I can imagine a future scenario as follows: user buys device X, during checkout selects Y as preferred OS. All OSes of note that can run on device X, are included as option.
Selected OS is preconfigured to run on device, using some enterprise scale fully automated system, built atop a vast database of OS versions, drivers, configuration options, device-dependent defaults, etc, etc, going at least 10 years back for popular options.
How this works exactly, is (mostly) irrelevant from user point of view. Might be standardized configurations for some niche OSes (with limited set of supported devices), different flavours of current / popular OSes, components compiled on-demand on server side, cached or not, binaries for every relevant version/OS pulled from database, etc, etc. The point is it's all automated, all options & their combinations are put into a constraint solver of some kind (like advanced package managers of today), and resulting OS image for preloading on device, is generated on demand.

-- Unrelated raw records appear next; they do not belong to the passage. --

(* Suppose $\xi_r(\varpi^N)<1/2$ for some $r\in\{0,\ldots,N\}$. Then for every $\hat A\in\arg\min_{A\in\mathbb{R}^{n\times s}}\mathcal{J}(A)$ and every $A\in\mathbb{R}^{n\times s}$, $$\|\phi(A)-\phi(\hat A)\|_1\le\frac{2}{1-2\xi_r(\varpi^N)}\,\delta_r(A).$$ Moreover, if there exists $\tilde A\in\mathbb{R}^{n\times s}$ with $\|\phi(\tilde A)\|_0\le r$, then $$\arg\min_{A}\mathcal{J}(A)=\{A\in\mathbb{R}^{n\times s}:\|\phi(A)\|_0\le r\}=\{A\in\mathbb{R}^{n\times s}:\phi(A)=\phi(\tilde A)\}.$$
   Context: Data: integers $n,s,N\ge1$ and a dataset $\varpi^N=((x_1,y_1),\ldots,(x_N,y_N))$ with $x_t\in\mathbb{R}^n$, $y_t\in\mathbb{R}$. Let $\mathbb{T}=\{1,\ldots,N\}$, $\mathbb{S}=\{1,\ldots,s\}$. For $A=[a_1\ \cdots\ a_s]\in\mathbb{R}^{n\times s}$, $\sigma_A:\mathbb{T}\to\mathbb{S}$ is a switching signal satisfying $\sigma_A(t)\in\arg\min_{i\in\mathbb{S}}|y_t-x_t^\top a_i|$ for all $t$, selected uniquely by a fixed rule depending only on $A$ and the data (among all admissible choices, one maximizing $\min_{i}|I_i(A)|$, ties then broken by assigning the smallest admissible index). $I_i(A)=\{t\in\mathbb{T}:\sigma_A(t)=i\}$. Define $\phi(A)=\big(y_1-x_1^\top a_{\sigma_A(1)},\ldots,y_N-x_N^\top a_{\sigma_A(N)}\big)^\top\in\mathbb{R}^N$ and $\mathcal{J}(A)=\|\phi(A)\|_1=\sum_{t=1}^N\min_{i\in\mathbb{S}}|y_t-a_i^\top x_t|$. For $\mathcal{T}\subset\mathbb{T}$, $\phi_{\mathcal{T}}(A)$ is the subvector of $\phi(A)$ indexed by $\mathcal{T}$. $\|w\|_0$ is the number of nonzero entries of $w$; $\mathcal{S}_r=\{w\in\mathbb{R}^N:\|w\|_0\le r\}$, and $\delta_r(A)=\inf_{w\in\mathcal{S}_r}\|\phi(A)-w\|_1$ (sum of the $N-r$ smallest absolute entries of $\phi(A)$). The $r$-th concentration ratio is $$\xi_r(\varpi^N)=\sup\Big\{\frac{\|\phi_{\mathcal{T}}(A)-\phi_{\mathcal{T}}(A')\|_1}{\|\phi(A)-\phi(A')\|_1}: A,A'\in\mathbb{R}^{n\times s},\ \mathcal{T}\subset\mathbb{T},\ \phi(A)\ne\phi(A'),\ |\mathcal{T}|\le r\Big\}.$$ *)

theory Defs
  imports Complex_Main
begin

text \<open>Conventions (0-based indices): data points t \<in> {0..<N}, modes i \<in> {0..<s},
  coordinates j \<in> {0..<n}.  Regressor x t j, output y t.  A matrix
  A = [a_0 ... a_{s-1}] in R^{n x s} is a function A i j (column i, entry j),
  required to vanish outside the index range (set mats).\<close>

definition mats :: "nat \<Rightarrow> nat \<Rightarrow> (nat \<Rightarrow> nat \<Rightarrow> real) set" where
  "mats n s = {A. \<forall>i j. (s \<le> i \<or> n \<le> j) \<longrightarrow> A i j = 0}"

definition res :: "nat \<Rightarrow> (nat \<Rightarrow> nat \<Rightarrow> real) \<Rightarrow> (nat \<Rightarrow> real)
    \<Rightarrow> (nat \<Rightarrow> nat \<Rightarrow> real) \<Rightarrow> nat \<Rightarrow> nat \<Rightarrow> real" where
  "res n x y A t i = y t - (\<Sum>j<n. x t j * A i j)"

definition admissible :: "nat \<Rightarrow> nat \<Rightarrow> nat \<Rightarrow> (nat \<Rightarrow> nat \<Rightarrow> real) \<Rightarrow> (nat \<Rightarrow> real)
    \<Rightarrow> (nat \<Rightarrow> nat \<Rightarrow> real) \<Rightarrow> (nat \<Rightarrow> nat) \<Rightarrow> bool" where
  "admissible n s N x y A \<sigma> \<longleftrightarrow>
     (\<forall>t<N. \<sigma> t < s \<and> (\<forall>i<s. \<bar>res n x y A t (\<sigma> t)\<bar> \<le> \<bar>res n x y A t i\<bar>))
     \<and> (\<forall>t. N \<le> t \<longrightarrow> \<sigma> t = 0)"

definition minI :: "nat \<Rightarrow> nat \<Rightarrow> (nat \<Rightarrow> nat) \<Rightarrow> nat" where
  "minI s N \<sigma> = Min ((\<lambda>i. card {t. t < N \<and> \<sigma> t = i}) ` {..<s})"

definition best_signals :: "nat \<Rightarrow> nat \<Rightarrow> nat \<Rightarrow> (nat \<Rightarrow> nat \<Rightarrow> real) \<Rightarrow> (nat \<Rightarrow> real)
    \<Rightarrow> (nat \<Rightarrow> nat \<Rightarrow> real) \<Rightarrow> (nat \<Rightarrow> nat) set" where
  "best_signals n s N x y A = {\<sigma>. admissible n s N x y A \<sigma> \<and>
      (\<forall>\<tau>. admissible n s N x y A \<tau> \<longrightarrow> minI s N \<tau> \<le> minI s N \<sigma>)}"

definition lex_less :: "nat \<Rightarrow> (nat \<Rightarrow> nat) \<Rightarrow> (nat \<Rightarrow> nat) \<Rightarrow> bool" where
  "lex_less N \<sigma> \<tau> \<longleftrightarrow> (\<exists>t<N. (\<forall>u<t. \<sigma> u = \<tau> u) \<and> \<sigma> t < \<tau> t)"

definition sigmaA :: "nat \<Rightarrow> nat \<Rightarrow> nat \<Rightarrow> (nat \<Rightarrow> nat \<Rightarrow> real) \<Rightarrow> (nat \<Rightarrow> real)
    \<Rightarrow> (nat \<Rightarrow> nat \<Rightarrow> real) \<Rightarrow> nat \<Rightarrow> nat" where
  "sigmaA n s N x y A = (THE \<sigma>. \<sigma> \<in> best_signals n s N x y A \<and>
      (\<forall>\<tau>\<in>best_signals n s N x y A. \<tau> \<noteq> \<sigma> \<longrightarrow> lex_less N \<sigma> \<tau>))"

definition phi :: "nat \<Rightarrow> nat \<Rightarrow> nat \<Rightarrow> (nat \<Rightarrow> nat \<Rightarrow> real) \<Rightarrow> (nat \<Rightarrow> real)
    \<Rightarrow> (nat \<Rightarrow> nat \<Rightarrow> real) \<Rightarrow> nat \<Rightarrow> real" where
  "phi n s N x y A t = (if t < N then res n x y A t (sigmaA n s N x y A t) else 0)"

definition l1 :: "nat \<Rightarrow> (nat \<Rightarrow> real) \<Rightarrow> real" where
  "l1 N w = (\<Sum>t<N. \<bar>w t\<bar>)"

definition l0 :: "nat \<Rightarrow> (nat \<Rightarrow> real) \<Rightarrow> nat" where
  "l0 N w = card {t. t < N \<and> w t \<noteq> 0}"

definition J :: "nat \<Rightarrow> nat \<Rightarrow> nat \<Rightarrow> (nat \<Rightarrow> nat \<Rightarrow> real) \<Rightarrow> (nat \<Rightarrow> real)
    \<Rightarrow> (nat \<Rightarrow> nat \<Rightarrow> real) \<Rightarrow> real" where
  "J n s N x y A = l1 N (phi n s N x y A)"

definition delta :: "nat \<Rightarrow> nat \<Rightarrow> nat \<Rightarrow> (nat \<Rightarrow> nat \<Rightarrow> real) \<Rightarrow> (nat \<Rightarrow> real)
    \<Rightarrow> nat \<Rightarrow> (nat \<Rightarrow> nat \<Rightarrow> real) \<Rightarrow> real" where
  "delta n s N x y r A = Inf {l1 N (\<lambda>t. phi n s N x y A t - w t) | w. l0 N w \<le> r}"

definition xi :: "nat \<Rightarrow> nat \<Rightarrow> nat \<Rightarrow> (nat \<Rightarrow> nat \<Rightarrow> real) \<Rightarrow> (nat \<Rightarrow> real) \<Rightarrow> nat \<Rightarrow> real" where
  "xi n s N x y r = Sup {(\<Sum>t\<in>T. \<bar>phi n s N x y A t - phi n s N x y A' t\<bar>)
                          / l1 N (\<lambda>t. phi n s N x y A t - phi n s N x y A' t)
       | A A' T. A \<in> mats n s \<and> A' \<in> mats n s \<and> T \<subseteq> {..<N}
                 \<and> phi n s N x y A \<noteq> phi n s N x y A' \<and> card T \<le> r}"

definition argminJ :: "nat \<Rightarrow> nat \<Rightarrow> nat \<Rightarrow> (nat \<Rightarrow> nat \<Rightarrow> real) \<Rightarrow> (nat \<Rightarrow> real)
    \<Rightarrow> (nat \<Rightarrow> nat \<Rightarrow> real) set" where
  "argminJ n s N x y = {A \<in> mats n s. \<forall>B \<in> mats n s. J n s N x y A \<le> J n s N x y B}"

end

theory Submission
  imports Defs
begin

text \<open>The bound \<open>\<xi>\<^sub>r < 1/2\<close> is a null space property for the nonlinear map \<open>\<phi>\<close>: the difference
  \<open>\<phi>(A) - \<phi>(\<hat>A)\<close> carries at most a fraction \<open>\<xi>\<^sub>r\<close> of its \<open>\<ell>\<^sub>1\<close> mass on any \<open>r\<close> coordinates.
  Take \<open>T\<close> the support of a best \<open>r\<close>-sparse approximation of \<open>\<phi>(A)\<close>. Splitting all \<open>\<ell>\<^sub>1\<close> norms
  over \<open>T\<close> and its complement and using \<open>\<J>(\<hat>A) \<le> \<J>(A)\<close> gives
  \<open>(1 - 2\<xi>\<^sub>r) \<parallel>\<phi>(A) - \<phi>(\<hat>A)\<parallel>\<^sub>1 \<le> 2 \<parallel>\<phi>\<^sub>T\<^sub>\<^sup>c(A)\<parallel>\<^sub>1 = 2 \<delta>\<^sub>r(A)\<close>.
  If \<open>\<phi>(\<tilde>A)\<close> is \<open>r\<close>-sparse, then \<open>\<delta>\<^sub>r(\<tilde>A) = 0\<close>, so every minimizer has the residual vector
  of \<open>\<tilde>A\<close>; the same estimate, read by contradiction, shows that every \<open>A\<close> with
  \<open>r\<close>-sparse \<open>\<phi>(A)\<close> is a minimizer.\<close>

lemma l1_nonneg: "0 \<le> l1 N w"
  unfolding l1_def by (simp add: sum_nonneg)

Upon receiving device, user browses through a Play Store like environment, or even a souped up start menu with 100k+ entries most of which are greyed out, some present pricing options, caveats, user reviews, etc. Payment options are mostly automated, a configuration setting or 2-second "I'm okay with that!" away.
Upon selecting a (greyed out) app, server is contacted. Informs OS what VM or emulator to set up, what libraries & compatibility layers to install, what settings to apply, etc. Again: fully automated. App binary, game data etc is pulled from database or generated on-the-fly in same fashion as OS image used to preload device.
There may be community maintained versions of this "enterprise scale, database backed system". There will be commercial ones. Some may be run as a Netflix style service. Some apps may run server side, streaming to user device. Or be browser based using tech like WebAssembly. But for the vast majority of users, it's irrelevant to the point of "buy device, select preload option, and run apps".
Most pieces are already in place: a vast selection of (binary) apps & OSes including open source ones. Emulators, virtual machines, compatibility layers, binary code translators, Snap, Flatpak, etc etc. Figuring out which combination of options could be used = constraint solving. The state of the art in that has advanced considerably. Automated build farms and networks of download mirrors or other content distribution systems, are in place & actively used.
Yeah I know this is just a vision, and some puzzle pieces are missing. But one can hardly deny that in software land, there is some degree of convergence going on. Major OS choices these days are Windows, Mac, Android or Linux. All offering a comparable feature set, with considerable cross-polination in terms of software libraries, GUI features, and hardware support. Making it (almost) possible to run any popular application software on any popular OS. Not to mention AI powered 'coding bots' that -in near future- may plug some of the holes.
So the answer to question raised in the article: in practice, it is less & less relevant. Pick a set of apps, pick OS, pick device supporting that, download & enjoy.